Here is a listing. Reproduce it exactly.

Data shown
***

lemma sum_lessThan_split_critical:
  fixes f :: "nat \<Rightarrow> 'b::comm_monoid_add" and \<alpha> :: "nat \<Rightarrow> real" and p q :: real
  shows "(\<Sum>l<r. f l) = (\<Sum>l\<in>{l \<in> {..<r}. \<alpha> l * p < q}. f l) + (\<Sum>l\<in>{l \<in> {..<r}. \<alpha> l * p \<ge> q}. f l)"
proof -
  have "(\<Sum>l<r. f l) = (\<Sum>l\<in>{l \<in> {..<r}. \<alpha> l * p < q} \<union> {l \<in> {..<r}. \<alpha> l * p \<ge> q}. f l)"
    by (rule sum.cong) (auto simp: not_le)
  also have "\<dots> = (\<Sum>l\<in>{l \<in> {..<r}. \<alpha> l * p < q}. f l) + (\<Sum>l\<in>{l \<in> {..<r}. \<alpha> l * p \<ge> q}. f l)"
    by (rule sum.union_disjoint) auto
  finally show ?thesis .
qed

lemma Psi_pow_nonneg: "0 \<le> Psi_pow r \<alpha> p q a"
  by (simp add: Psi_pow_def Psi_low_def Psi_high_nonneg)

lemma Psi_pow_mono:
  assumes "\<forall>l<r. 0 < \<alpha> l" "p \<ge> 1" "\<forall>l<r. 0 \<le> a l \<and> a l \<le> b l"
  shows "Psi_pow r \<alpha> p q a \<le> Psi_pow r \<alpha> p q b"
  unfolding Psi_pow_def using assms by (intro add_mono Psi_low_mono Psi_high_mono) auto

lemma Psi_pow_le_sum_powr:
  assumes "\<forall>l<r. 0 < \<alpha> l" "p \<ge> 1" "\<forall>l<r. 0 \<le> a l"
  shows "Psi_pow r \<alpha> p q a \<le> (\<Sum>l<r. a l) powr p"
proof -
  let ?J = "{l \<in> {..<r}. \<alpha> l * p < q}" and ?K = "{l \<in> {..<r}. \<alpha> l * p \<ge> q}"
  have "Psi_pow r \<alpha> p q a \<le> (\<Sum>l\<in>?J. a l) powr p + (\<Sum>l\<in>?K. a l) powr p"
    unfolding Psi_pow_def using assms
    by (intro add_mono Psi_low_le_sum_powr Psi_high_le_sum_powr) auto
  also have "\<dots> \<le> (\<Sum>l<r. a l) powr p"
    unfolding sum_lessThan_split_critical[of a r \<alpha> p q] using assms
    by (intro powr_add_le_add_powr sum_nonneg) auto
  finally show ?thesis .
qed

***

Result of the exercise
lemma sum_lessThan_split_critical:
  fixes f :: "nat \<Rightarrow> 'b::comm_monoid_add" and \<alpha> :: "nat \<Rightarrow> real" and p q :: real
  shows "(\<Sum>l<r. f l) = (\<Sum>l\<in>{l \<in> {..<r}. \<alpha> l * p < q}. f l) + (\<Sum>l\<in>{l \<in> {..<r}. \<alpha> l * p \<ge> q}. f l)"
proof -
  have "(\<Sum>l<r. f l) = (\<Sum>l\<in>{l \<in> {..<r}. \<alpha> l * p < q} \<union> {l \<in> {..<r}. \<alpha> l * p \<ge> q}. f l)"
    by (rule sum.cong) (auto simp: not_le)
  also have "\<dots> = (\<Sum>l\<in>{l \<in> {..<r}. \<alpha> l * p < q}. f l) + (\<Sum>l\<in>{l \<in> {..<r}. \<alpha> l * p \<ge> q}. f l)"
    by (rule sum.union_disjoint) auto
  finally show ?thesis .
qed

lemma Psi_pow_nonneg: "0 \<le> Psi_pow r \<alpha> p q a"
  by (simp add: Psi_pow_def Psi_low_def Psi_high_nonneg)

lemma Psi_pow_mono:
  assumes "\<forall>l<r. 0 < \<alpha> l" "p \<ge> 1" "\<forall>l<r. 0 \<le> a l \<and> a l \<le> b l"
  shows "Psi_pow r \<alpha> p q a \<le> Psi_pow r \<alpha> p q b"
  unfolding Psi_pow_def using assms by (intro add_mono Psi_low_mono Psi_high_mono) auto

lemma Psi_pow_le_sum_powr:
  assumes "\<forall>l<r. 0 < \<alpha> l" "p \<ge> 1" "\<forall>l<r. 0 \<le> a l"
  shows "Psi_pow r \<alpha> p q a \<le> (\<Sum>l<r. a l) powr p"
proof -
  let ?J = "{l \<in> {..<r}. \<alpha> l * p < q}" and ?K = "{l \<in> {..<r}. \<alpha> l * p \<ge> q}"
  have "Psi_pow r \<alpha> p q a \<le> (\<Sum>l\<in>?J. a l) powr p + (\<Sum>l\<in>?K. a l) powr p"
    unfolding Psi_pow_def using assms
    by (intro add_mono Psi_low_le_sum_powr Psi_high_le_sum_powr) auto
  also have "\<dots> \<le> (\<Sum>l<r. a l) powr p"
    unfolding sum_lessThan_split_critical[of a r \<alpha> p q] using assms
    by (intro powr_add_le_add_powr sum_nonneg) auto
  finally show ?thesis .
qed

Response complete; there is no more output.